O’Brien bit into his ham sandwich and washed down the stale taste with coffee. He flipped through to the transcript of Jonathan Russo’s interrogation. He remembered Russo’s demeanor well, the slouch in the chair, the peaks of anger tapered by feigned boredom mixed with arrogance. He remembered the tanned face with a spider’s web thin scar etched on the bridge of his nose. Thick lips. Dark hair pulled back in a ponytail. A diamond stud winking in his right ear. He wore an thousand dollar olive-green Armani suite and kept a five-hundred-dollar-an-hour legal beagle at his side.

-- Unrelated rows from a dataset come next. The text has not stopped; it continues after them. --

(* Let $n\ge1$, let $a,b$ be positive integers, and let $G$ be a multigraph on $V=\{0,1,\ldots,n\}$ obtained from the complete multigraph $K_{n+1}^{a,b}$ by deleting some (possibly none) of the edges incident to the root $0$; i.e. $G$ has adjacency matrix $[a_{ij}]$ with $a_{0i}=a_{i0}=a_i$ for integers $0\le a_i\le a$ ($i\in[n]$), $a_{ij}=b$ for distinct $i,j\in[n]$, and $a_{ii}=0$. Then $$\dim_{\mathbb K}\left(R_n/\mathcal{M}_G^{(1)}\right)=\det\widetilde Q_G.$$
   Context: $\mathbb K$ is a field, $R_n=\mathbb K[x_1,\ldots,x_n]$. The complete multigraph $K_{n+1}^{a,b}$ on $V$ has $a$ edges between $0$ and each $i\in[n]$ and $b$ edges between each pair of distinct $i,j\in[n]$, no loops. For a loopless multigraph $G$ on $V$ with adjacency matrix $[a_{ij}]$ and $\emptyset\ne A\subseteq[n]$, put $d_A(i)=\sum_{j\in V\setminus A}a_{ij}$ for $i\in A$, $m_A=\prod_{i\in A}x_i^{d_A(i)}$, and $\mathcal{M}_G^{(1)}=\langle m_A:\emptyset\ne A\subseteq[n],\ |A|\le2\rangle$ (explicitly generated by $x_i^{d_i}$ and $x_i^{d_i-a_{ij}}x_j^{d_j-a_{ij}}$ for $i\ne j$ in $[n]$, where $d_i=\sum_{j\in V}a_{ij}$). The truncated signless Laplace matrix $\widetilde Q_G$ is the $n\times n$ matrix indexed by $[n]$ with diagonal entries $d_i$ and off-diagonal entries $a_{ij}$. *)

theory Defs
  imports "HOL-Library.Poly_Mapping" "Jordan_Normal_Form.Determinant"
begin

text \<open>Multivariate polynomials over a field: a polynomial is a finitely supported
  map from monomials (exponent vectors, nat =>0 nat, variable x_i has index i)
  to coefficients; multiplication is the convolution product of Poly_Mapping.\<close>

type_synonym 'k mpoly = "(nat \<Rightarrow>\<^sub>0 nat) \<Rightarrow>\<^sub>0 'k"

text \<open>R_n = K[x_1,...,x_n]: polynomials only involving the variables 1..n.\<close>
definition polyring :: "nat \<Rightarrow> 'k::field mpoly set" where
  "polyring n = {p. \<forall>m \<in> Poly_Mapping.keys p. Poly_Mapping.keys m \<subseteq> {1..n}}"

definition const :: "'k::field \<Rightarrow> 'k mpoly" where
  "const c = Poly_Mapping.single 0 c"

definition monom :: "(nat \<Rightarrow>\<^sub>0 nat) \<Rightarrow> 'k::field mpoly" where
  "monom e = Poly_Mapping.single e 1"

inductive_set ideal_gen :: "nat \<Rightarrow> 'k::field mpoly set \<Rightarrow> 'k mpoly set"
  for n :: nat and S :: "'k mpoly set" where
  zero: "0 \<in> ideal_gen n S"
| gen: "g \<in> S \<Longrightarrow> g \<in> ideal_gen n S"
| add: "p \<in> ideal_gen n S \<Longrightarrow> q \<in> ideal_gen n S \<Longrightarrow> p + q \<in> ideal_gen n S"
| mult: "r \<in> polyring n \<Longrightarrow> p \<in> ideal_gen n S \<Longrightarrow> r * p \<in> ideal_gen n S"

text \<open>dim_K (R_n / I) = d: there is a set B of d polynomials of R_n whose residue
  classes form a K-basis of R_n / I (linearly independent modulo I and spanning modulo I).\<close>
definition quot_dim_eq :: "nat \<Rightarrow> 'k::field mpoly set \<Rightarrow> nat \<Rightarrow> bool" where
  "quot_dim_eq n I d \<longleftrightarrow>
     (\<exists>B. finite B \<and> card B = d \<and> B \<subseteq> polyring n \<and>
        (\<forall>c. (\<Sum>b\<in>B. const (c b) * b) \<in> I \<longrightarrow> (\<forall>b\<in>B. c b = 0)) \<and>
        (\<forall>p \<in> polyring n. \<exists>c. p - (\<Sum>b\<in>B. const (c b) * b) \<in> I))"

text \<open>Multigraphs on V = {0..n} given by adjacency matrix adj (values only used on V).\<close>
definition degA :: "nat \<Rightarrow> (nat \<Rightarrow> nat \<Rightarrow> nat) \<Rightarrow> nat set \<Rightarrow> nat \<Rightarrow> nat" where
  "degA n adj A i = (\<Sum>j\<in>{0..n} - A. adj i j)"

definition mA :: "nat \<Rightarrow> (nat \<Rightarrow> nat \<Rightarrow> nat) \<Rightarrow> nat set \<Rightarrow> 'k::field mpoly" where
  "mA n adj A = monom (\<Sum>i\<in>A. Poly_Mapping.single i (degA n adj A i))"

definition M1 :: "nat \<Rightarrow> (nat \<Rightarrow> nat \<Rightarrow> nat) \<Rightarrow> 'k::field mpoly set" where
  "M1 n adj = ideal_gen n {mA n adj A | A. A \<noteq> {} \<and> A \<subseteq> {1..n} \<and> card A \<le> 2}"

text \<open>Truncated signless Laplace matrix, indexed by [n]; row/column k of the
  matrix (0-based) corresponds to vertex k+1.\<close>
definition trunc_Q :: "nat \<Rightarrow> (nat \<Rightarrow> nat \<Rightarrow> nat) \<Rightarrow> int mat" where
  "trunc_Q n adj = mat n n (\<lambda>(k, l).
     if k = l then int (\<Sum>j\<in>{0..n}. adj (k+1) j) else int (adj (k+1) (l+1)))"

end

theory Submission
  imports Defs
begin

text \<open>The generators of \<open>M1\<close> are monomials, so the residues of the monomials outside the
  ideal (the standard monomials) form a basis of the quotient. Writing \<open>d i\<close> for the degree of
  vertex \<open>i\<close>, the monomial \<open>x^e\<close> is standard iff \<open>e i < d i\<close> for every \<open>i\<close> and
  \<open>e i \<ge> d i - b\<close> for at most one \<open>i\<close>. Counting these vectors gives
  \<open>\<Prod>i. (d i - b) + b * (\<Sum>i. \<Prod>j\<noteq>i. (d j - b))\<close>, which is the determinant of the truncated
  signless Laplacian \<open>diag (d i - b) + b J\<close>, obtained by expanding along the last row.\<close>

section \<open>Determinant of a diagonal plus constant matrix\<close>

definition diag_plus_const_mat :: "nat \<Rightarrow> (nat \<Rightarrow> 'a) \<Rightarrow> 'a \<Rightarrow> 'a::comm_ring_1 mat" where
  "diag_plus_const_mat n t c = mat n n (\<lambda>(k, l). if k = l then t k + c else c)"

lemma det_last_row_single_entry:
  fixes A :: "'a::comm_ring_1 mat"
  assumes A: "A \<in> carrier_mat (Suc n) (Suc n)" and zero: "\<And>j. j < n \<Longrightarrow> A $$ (n, j) = 0"
  shows "det A = A $$ (n, n) * det (mat_delete A n n)"
proof -
  have "det A = (\<Sum>j<Suc n. A $$ (n, j) * cofactor A n j)"
    using A by (rule laplace_expansion_row) simp
  also have "\<dots> = A $$ (n, n) * cofactor A n n"
    using zero by (simp add: lessThan_Suc)
  finally show ?thesis by (simp add: cofactor_def)
qed

lemma det_const_last_row:
  fixes t :: "nat \<Rightarrow> 'a::comm_ring_1"
  shows "det (mat (Suc n) (Suc n) (\<lambda>(i, j). if i = n \<or> i \<noteq> j then c else t i + c))
    = c * (\<Prod>k<n. t k)"
proof -
  define E :: "'a mat" where
    "E = mat (Suc n) (Suc n) (\<lambda>(i, j). if i = j \<or> j = n then 1 else 0)"
  \<comment> \<open>E adds the last row to every other row; N is lower triangular.\<close>
  define N :: "'a mat" where
    "N = mat (Suc n) (Suc n) (\<lambda>(i, j). if i = n then c else if i = j then t i else 0)"
  have "mat (Suc n) (Suc n) (\<lambda>(i, j). if i = n \<or> i \<noteq> j then c else t i + c) = E * N"
  proof (rule eq_matI)
    fix i j assume "i < dim_row (E * N)" "j < dim_col (E * N)"
    hence i: "i < Suc n" and j: "j < Suc n" by (auto simp: E_def N_def)
    have "(E * N) $$ (i, j) = (\<Sum>m<Suc n. E $$ (i, m) * N $$ (m, j))"
      using i j by (simp add: E_def N_def scalar_prod_def lessThan_atLeast0)
    also have "\<dots> = (\<Sum>m<Suc n. (if m = i then N $$ (i, j) else 0)
                       + (if m = n \<and> i \<noteq> n then N $$ (n, j) else 0))"
      using i j by (intro sum.cong) (auto simp: E_def N_def)
    also have "\<dots> = N $$ (i, j) + (if i \<noteq> n then N $$ (n, j) else 0)"
      using i by (simp add: sum.distrib)
    finally show "mat (Suc n) (Suc n) (\<lambda>(i, j). if i = n \<or> i \<noteq> j then c else t i + c) $$ (i, j)
      = (E * N) $$ (i, j)"
      using i j by (auto simp: N_def)
  qed (auto simp: E_def N_def)
  moreover have "det E = 1"
    by (subst det_upper_triangular[of _ "Suc n"])
       (auto simp: E_def prod_list_diag_prod intro!: upper_triangularI)
  moreover have "det N = c * (\<Prod>k<n. t k)"
    by (subst det_lower_triangular[of "Suc n"])
       (auto simp: N_def prod_list_diag_prod lessThan_atLeast0[symmetric] lessThan_Suc intro!: prod.cong)
  moreover have "det (E * N) = det E * det N"
    by (rule det_mult[of _ "Suc n"]) (auto simp: E_def N_def)
  ultimately show ?thesis by simp
qed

“Why would I kill Lexie, huh? She was one of my top-billing talents. Besides, I was over at my friend Sergio Conti’s condo when you said the coroner estimated her time of death. We picked up a jug of chardonnay, a few pounds of stone crabs from the marina, ate them and tossed the shells off the balcony onto the sand below, it was raining friggin’ crabs. Threw the shells and a little crab meat down to the beach for the birds to enjoy in the morning. I’ve learned to recycle those natural things best I can. Crabs are always washin’ up on the beach anyway. Scavengers.”
O’Brien lifted the case folder and turned to a photograph of Alexandria Cole. He remembered the crime scene photographer using a stepladder to get a higher angle over the bed. The image was of a young woman lying on her back with seven stab wounds in her naked chest. Breasts pierced with deep holes. The killer brought the blade down so hard he split her sternum. Blood had soaked into the sheets and dried like dark shadows below her outstretched arms giving the body an illusion of scarlet angel wings.
O’Brien looked at the photo and said, “I’m sorry, Alexandria. I’m sorry you suffered like this and the man who did it is living his life. Although I’m eleven years late, I’ll do my best to make up for lost time…for you and for Charlie Williams.”
O’Brien closed the folder, picked up his Glock, wedged it under his belt, and walked out the door into the night.